The 1916 New York City polio epidemic was an infectious disease epidemic of polio ultimately infecting several thousand people, and killing over two thousand, primarily in the borough of Brooklyn. The epidemic was officially announced in June 1916, and a special field force was assembled under the authority of Dr. Simon R. Blatteis of the New York City Health Department's Bureau of Preventable Diseases, with broad authority to quarantine those infected with polio and institute hygiene measures thought to slow the transmission of the disease. Polio was a poorly understood disease in this era, and no polio vaccine existed at this time. Official efforts to stem its spread consisted primarily of quarantines, the closure of public places, and the use of chemical disinfectants to cleanse areas where the disease had been present. Special polio clinics were established at various locations in the city for the treatment and quarantine of patients. Many informal remedies or preventative measures were tried by the frightened population, while public activities largely fell silent. Ultimately, the epidemic subsided in the winter months, with the cause remaining a mystery to investigators and the public.

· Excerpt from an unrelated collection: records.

(* Let $\mathbf{F}=(F_1,\ldots,F_d)$ be a vector of finite simple graphs, each with at most $n$ vertices, and let $e_i$ be the number of edges of $F_i$. Then the spine $\{ (p^{e_1}, p^{e_2}, \ldots, p^{e_d} ) \mid 0\leq p \leq 1 \}$ is contained in $P_{\mathbf{F};n}$ (with the convention $0^0=1$).
   Context: For graphs $F,G$, $t^L(F,G)$ is the number of subgraphs of $G$ (not necessarily induced) isomorphic to $F$, and $t(F,G)=t^L(F,G)/t^L(F,K_{|G|})$ if $|F|\le|G|$ and $t(F,G)=0$ otherwise, where $|H|$ is the number of vertices of $H$ and $K_N$ the complete graph on $N$ vertices. Write $t(\mathbf{F},G)=(t(F_1,G),\ldots,t(F_d,G))$. The polytope from subgraph statistics is $P_{\mathbf{F};n}=\mathrm{conv}\{t(\mathbf{F},G)\mid G \text{ a graph on } n \text{ vertices}\}\subseteq\mathbb{R}^d$. *)

theory Defs
  imports "HOL-Analysis.Analysis"
begin

text \<open>A finite simple graph with vertex set {0..<k} is represented by the pair (k, E),
  where E is a set of 2-element subsets of {0..<k}.\<close>

type_synonym graph = "nat \<times> nat set set"

definition gverts :: "graph \<Rightarrow> nat" where "gverts G = fst G"
definition gedges :: "graph \<Rightarrow> nat set set" where "gedges G = snd G"

definition is_graph :: "graph \<Rightarrow> bool" where
  "is_graph G \<longleftrightarrow> (\<forall>e\<in>gedges G. card e = 2 \<and> e \<subseteq> {..<gverts G})"

definition complete_graph :: "nat \<Rightarrow> graph" where
  "complete_graph N = (N, {e. card e = 2 \<and> e \<subseteq> {..<N}})"

definition subgraphs :: "graph \<Rightarrow> (nat set \<times> nat set set) set" where
  "subgraphs G = {(V', E'). V' \<subseteq> {..<gverts G} \<and> E' \<subseteq> gedges G \<and> (\<forall>e\<in>E'. e \<subseteq> V')}"

definition iso_to :: "graph \<Rightarrow> nat set \<times> nat set set \<Rightarrow> bool" where
  "iso_to F H \<longleftrightarrow> (\<exists>f. bij_betw f {..<gverts F} (fst H) \<and>
      (\<lambda>e. f ` e) ` gedges F = snd H)"

definition tL :: "graph \<Rightarrow> graph \<Rightarrow> nat" where
  "tL F G = card {H \<in> subgraphs G. iso_to F H}"

definition tdens :: "graph \<Rightarrow> graph \<Rightarrow> real" where
  "tdens F G = (if gverts F \<le> gverts G
      then real (tL F G) / real (tL F (complete_graph (gverts G))) else 0)"

definition subgraph_polytope :: "('d::finite \<Rightarrow> graph) \<Rightarrow> nat \<Rightarrow> (real ^ 'd) set" where
  "subgraph_polytope F n =
     convex hull {(\<chi> i. tdens (F i) G) | G. is_graph G \<and> gverts G = n}"

end

theory Submission
  imports Defs
begin

text \<open>Average the density vector over the random graph G(n,p) on vertex set {0..<n}, in which
  every edge of K_n is kept independently with probability p. A fixed copy of F_i in K_n survives
  with probability p^{e_i}, and t(F_i,G) is the fraction of the copies in K_n that survive in G;
  hence the expected vector is (p^{e_1},...,p^{e_d}). This expectation is a convex combination of
  the points t(F,G), so it lies in the polytope.\<close>

definition bernoulli_weight :: "'a::comm_ring_1 \<Rightarrow> 'b set \<Rightarrow> 'b set \<Rightarrow> 'a" where
  "bernoulli_weight p U E = p ^ card E * (1 - p) ^ card (U - E)"

lemma bernoulli_weight_nonneg:
  fixes p :: real
  assumes "0 \<le> p" "p \<le> 1"
  shows "0 \<le> bernoulli_weight p U E"
  using assms by (simp add: bernoulli_weight_def)

text \<open>Expand the product over U of p + g e, where g e is 0 on S and 1 - p elsewhere.\<close>
lemma sum_bernoulli_weight_supsets:
  assumes "finite U" "S \<subseteq> U"
  shows "(\<Sum>E\<in>Pow U. if S \<subseteq> E then bernoulli_weight p U E else 0) = p ^ card S"
proof -
  let ?g = "\<lambda>e. if e \<in> S then 0 else 1 - p"
  have term_eq: "(\<Prod>x\<in>E. p) * (\<Prod>x\<in>U - E. ?g x) =
      (if S \<subseteq> E then bernoulli_weight p U E else 0)" if "E \<in> Pow U" for E
  proof (cases "S \<subseteq> E")
    case True
    then have "(\<Prod>x\<in>U - E. ?g x) = (\<Prod>x\<in>U - E. 1 - p)"
      by (intro prod.cong) auto
    then show ?thesis using True by (simp add: bernoulli_weight_def)
  next
    case False
    then obtain s where "s \<in> S" "s \<notin> E" by auto
    then have "(\<Prod>x\<in>U - E. ?g x) = 0"
      using assms by (intro prod_zero) auto
    then show ?thesis using False by simp
  qed
  have "p ^ card S = (\<Prod>e\<in>U \<inter> S. p)"
    using assms by (simp add: Int_absorb1)
  also have "\<dots> = (\<Prod>e\<in>U. if e \<in> S then p else 1)"
    using assms(1) by (simp add: prod.If_cases)
  also have "\<dots> = (\<Prod>e\<in>U. p + ?g e)"
    by (intro prod.cong) auto
  also have "\<dots> = (\<Sum>E\<in>Pow U. (\<Prod>x\<in>E. p) * (\<Prod>x\<in>U - E. ?g x))"
    by (rule prod_add[OF assms(1)])
  also have "\<dots> = (\<Sum>E\<in>Pow U. if S \<subseteq> E then bernoulli_weight p U E else 0)"
    by (intro sum.cong refl term_eq)
  finally show ?thesis by simp
qed

lemma sum_bernoulli_weight:
  assumes "finite U"
  shows "(\<Sum>E\<in>Pow U. bernoulli_weight p U E) = 1"
  using sum_bernoulli_weight_supsets[OF assms, of "{}" p] by simp

lemma finite_subgraphs: "finite (subgraphs G)"
proof (rule finite_subset)
  show "subgraphs G \<subseteq> Pow {..<gverts G} \<times> Pow (Pow {..<gverts G})"
    unfolding subgraphs_def by auto
qed simp

lemma finite_complete_graph_edges: "finite (gedges (complete_graph n))"
  by (rule finite_subset[of _ "Pow {..<n}"]) (auto simp: complete_graph_def gedges_def)

lemma is_graph_edge_subset_complete:
  "E \<subseteq> gedges (complete_graph n) \<Longrightarrow> is_graph (n, E)"
  by (auto simp: is_graph_def complete_graph_def gedges_def gverts_def)

lemma card_edges_iso:
  assumes "is_graph F" "iso_to F H"
  shows "card (snd H) = card (gedges F)"
proof -
  from assms(2) obtain f where f: "bij_betw f {..<gverts F} (fst H)"
    "(\<lambda>e. f ` e) ` gedges F = snd H" unfolding iso_to_def by auto
  have "inj_on (image f) (Pow {..<gverts F})"
    using f(1) by (intro inj_on_image_Pow) (simp add: bij_betw_def)
  moreover have "gedges F \<subseteq> Pow {..<gverts F}"
    using assms(1) unfolding is_graph_def by auto
  ultimately have "inj_on (image f) (gedges F)" by (rule inj_on_subset)
  then show ?thesis using f(2) card_image by metis
qed

lemma tL_complete_graph_pos:
  assumes "is_graph F" "gverts F \<le> n"
  shows "tL F (complete_graph n) > 0"
proof -
  have edges_F: "\<forall>e\<in>gedges F. card e = 2 \<and> e \<subseteq> {..<gverts F}"
    using assms(1) unfolding is_graph_def .
  have verts_F: "{..<gverts F} \<subseteq> {..<n}"
    using assms(2) by auto
  have "({..<gverts F}, gedges F) \<in> subgraphs (complete_graph n)"
    using edges_F verts_F unfolding subgraphs_def complete_graph_def gedges_def gverts_def
    by fastforce
  moreover have "iso_to F ({..<gverts F}, gedges F)"
    unfolding iso_to_def by (auto intro!: exI[of _ id])
  ultimately have "{H \<in> subgraphs (complete_graph n). iso_to F H} \<noteq> {}" by blast
  then show ?thesis
    unfolding tL_def by (simp add: card_gt_0_iff finite_subgraphs)
qed

lemma tL_spanning_subgraph:
  assumes "E \<subseteq> gedges (complete_graph n)"
  shows "real (tL F (n, E)) =
    (\<Sum>H | H \<in> subgraphs (complete_graph n) \<and> iso_to F H. if snd H \<subseteq> E then 1 else 0)"
proof -
  let ?A = "{H \<in> subgraphs (complete_graph n). iso_to F H}"
  have "{H \<in> subgraphs (n, E). iso_to F H} = ?A \<inter> {H. snd H \<subseteq> E}"
    using assms unfolding subgraphs_def complete_graph_def gedges_def gverts_def by auto
  moreover have "finite ?A" using finite_subgraphs by simp
  ultimately show ?thesis
    unfolding tL_def by (simp add: sum.If_cases)
qed

lemma expected_tdens_random_graph:
  assumes "is_graph F" "gverts F \<le> n"
  defines "U \<equiv> gedges (complete_graph n)"
  shows "(\<Sum>E\<in>Pow U. bernoulli_weight p U E * tdens F (n, E)) = p ^ card (gedges F)"
proof -
  define A where "A = {H \<in> subgraphs (complete_graph n). iso_to F H}"
  have finU: "finite U" unfolding U_def by (rule finite_complete_graph_edges)
  have edges_A: "snd H \<subseteq> U" "card (snd H) = card (gedges F)" if "H \<in> A" for H
  proof -
    from that have "H \<in> subgraphs (complete_graph n)" "iso_to F H" unfolding A_def by auto
    then show "snd H \<subseteq> U" "card (snd H) = card (gedges F)"
      using card_edges_iso[OF assms(1)] unfolding U_def subgraphs_def by auto
  qed
  have tL_K: "tL F (complete_graph n) = card A" unfolding tL_def A_def ..
  have tdens_eq: "tdens F (n, E) = real (tL F (n, E)) / real (card A)" for E
    unfolding tdens_def using assms(2) tL_K by (simp add: gverts_def complete_graph_def)
  have "(\<Sum>E\<in>Pow U. bernoulli_weight p U E * real (tL F (n, E)))
      = (\<Sum>E\<in>Pow U. \<Sum>H\<in>A. if snd H \<subseteq> E then bernoulli_weight p U E else 0)"
  proof (rule sum.cong)
    fix E assume "E \<in> Pow U"
    then have "real (tL F (n, E)) = (\<Sum>H\<in>A. if snd H \<subseteq> E then 1 else 0)"
      unfolding A_def U_def by (simp add: tL_spanning_subgraph)
    then show "bernoulli_weight p U E * real (tL F (n, E))
        = (\<Sum>H\<in>A. if snd H \<subseteq> E then bernoulli_weight p U E else 0)"
      by (simp add: sum_distrib_left if_distrib cong: if_cong)
  qed simp
  also have "\<dots> = (\<Sum>H\<in>A. \<Sum>E\<in>Pow U. if snd H \<subseteq> E then bernoulli_weight p U E else 0)"
    by (rule sum.swap)
  also have "\<dots> = (\<Sum>H\<in>A. p ^ card (gedges F))"
    by (intro sum.cong refl) (simp add: sum_bernoulli_weight_supsets[OF finU] edges_A)
  also have "\<dots> = real (card A) * p ^ card (gedges F)"
    by simp
  finally have "(\<Sum>E\<in>Pow U. bernoulli_weight p U E * real (tL F (n, E))) / real (card A)
      = p ^ card (gedges F)"
    using tL_complete_graph_pos[OF assms(1,2)] tL_K by simp
  then show ?thesis by (simp add: tdens_eq sum_divide_distrib)
qed

theorem proposition3p1:
  fixes F :: "'d::finite \<Rightarrow> graph" and n :: nat and p :: real
  assumes "\<And>i. is_graph (F i)"
    and "\<And>i. gverts (F i) \<le> n"
    and "0 \<le> p" and "p \<le> 1"
  shows "(\<chi> i. p ^ card (gedges (F i))) \<in> subgraph_polytope F n"
proof -
  define U where "U = gedges (complete_graph n)"
  have finU: "finite U" unfolding U_def by (rule finite_complete_graph_edges)
  have expectation: "(\<chi> i. p ^ card (gedges (F i))) =
      (\<Sum>E\<in>Pow U. bernoulli_weight p U E *\<^sub>R (\<chi> i. tdens (F i) (n, E)))"
    unfolding vec_eq_iff U_def
    using expected_tdens_random_graph[OF assms(1,2)] by simp
  have points: "(\<chi> i. tdens (F i) (n, E)) \<in> subgraph_polytope F n" if "E \<in> Pow U" for E
    unfolding subgraph_polytope_def
    using that is_graph_edge_subset_complete[of E n]
    by (intro hull_inc) (auto simp: U_def gverts_def)
  show ?thesis
    unfolding expectation
  proof (rule convex_sum)
    show "convex (subgraph_polytope F n)"
      unfolding subgraph_polytope_def by (rule convex_convex_hull)
    show "finite (Pow U)" using finU by simp
    show "sum (bernoulli_weight p U) (Pow U) = 1" by (rule sum_bernoulli_weight[OF finU])
    show "\<And>E. E \<in> Pow U \<Longrightarrow> 0 \<le> bernoulli_weight p U E"
      by (rule bernoulli_weight_nonneg[OF assms(3,4)])
  qed (rule points)
qed

end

===Spanish flu pandemic of 1918-1919===
New York City suffered about 30,000 deaths due to influenza or pneumonia out of a population of roughly 5.6 million in the worldwide "Spanish flu" epidemic of 1918–1919. The pandemic disproportionately affected young adults with a doubling of deaths among 15- to 24-year-olds. Health officials reacted vigorously. They set up more than 150 emergency health districts and centers for home care and case reporting. Hospitals, gymnasia, and armories were set up to care for the sick. They imposed a maritime quarantine for incoming ship traffic arriving from high impact cities. They mounted a large-scale health education campaign and regulated access to public spaces such as schools and theaters, which remained open under careful monitoring. The police enforced anti-spitting measures.

===Stephen Smith===
Stephen Smith (1823–1922) was a New York City surgeon and civic leader who made important contributions to medical education, nursing education, public health, housing improvement, mental health reform, charity oversight, and urban environmentalism. Smith maintained an active medical practice, was an attending physician at Bellevue Hospital for thirty-seven years, and authored three surgical texts, but he was best known for his public service. Three mayors, seven governors, and two U.S. presidents appointed Smith to a half century of high public responsibility. In 1922, Columbia University President Nicholas Murray Butler awarded him the school's highest honor and pronounced Smith, “the most interesting figure in American medicine and in American public service today.” The New York Academy of Medicine initiated the annual Stephen Smith Medal for lifetime achievement in public health in 2005.

==1946-1977==

See 1966 New York City smog for a famous photograph by Neal Boenzi. It shows a black-and-white, panoramic view of New York City on November 24, 1966. A hazy, smoky gas overlays the entire city like a blanket, with a fairly clear skyline only in the far distance at the horizon. Near the closest buildings, the smog appears thin and wispy. The smog appears thicker and thicker around buildings that are farther away from the photographer's position, until shorter buildings near the horizon are almost entirely shrouded and impossible to see under a thick layer of smog. Near the horizon, the clustered tops of tall skyscrapers emerge from within the smog.

The November 1966 smog was a major air-pollution episode and environmental disaster, coinciding with that year's Thanksgiving holiday weekend. Smog covered the city and its surrounding area from November 23 to 26, filling the city's air with damaging levels of several toxic pollutants: carbon monoxide, sulfur dioxide, smoke and particulate matter. Air pollution levels reached unprecedented heights, with the pollution index hitting 60.6, which was 10 points higher than the "emergency" mark. Visibility was severely reduced, and the air had a yellowish tinge and greasy appearance. Over 200 residents died from it. It was the third major smog in the city, following events of similar scale in 1953 and 1963.

1968 saw a nine-day strike by sanitation workers. Quality of life in New York reached a nadir during this strike, as mounds of garbage caught fire, and strong winds whirled the filth through the streets. With the schools shut down, the police engaged in a slowdown, firefighters threatening job actions, the city awash in garbage, and racial and religious tensions breaking to the surface, Mayor John Lindsay called the last six months of 1968 "the worst of my public life."

==Since 1978==

===September 11 terror attack===

On September 11, 2001, terrorists hijacked four airplanes and drove two of them into the Twin Towers of the World Trade Center. The two buildings collapsed killing about 2,700 people inside. Thousands of rescue personnel and nearby residents suffered long term negative health consequences.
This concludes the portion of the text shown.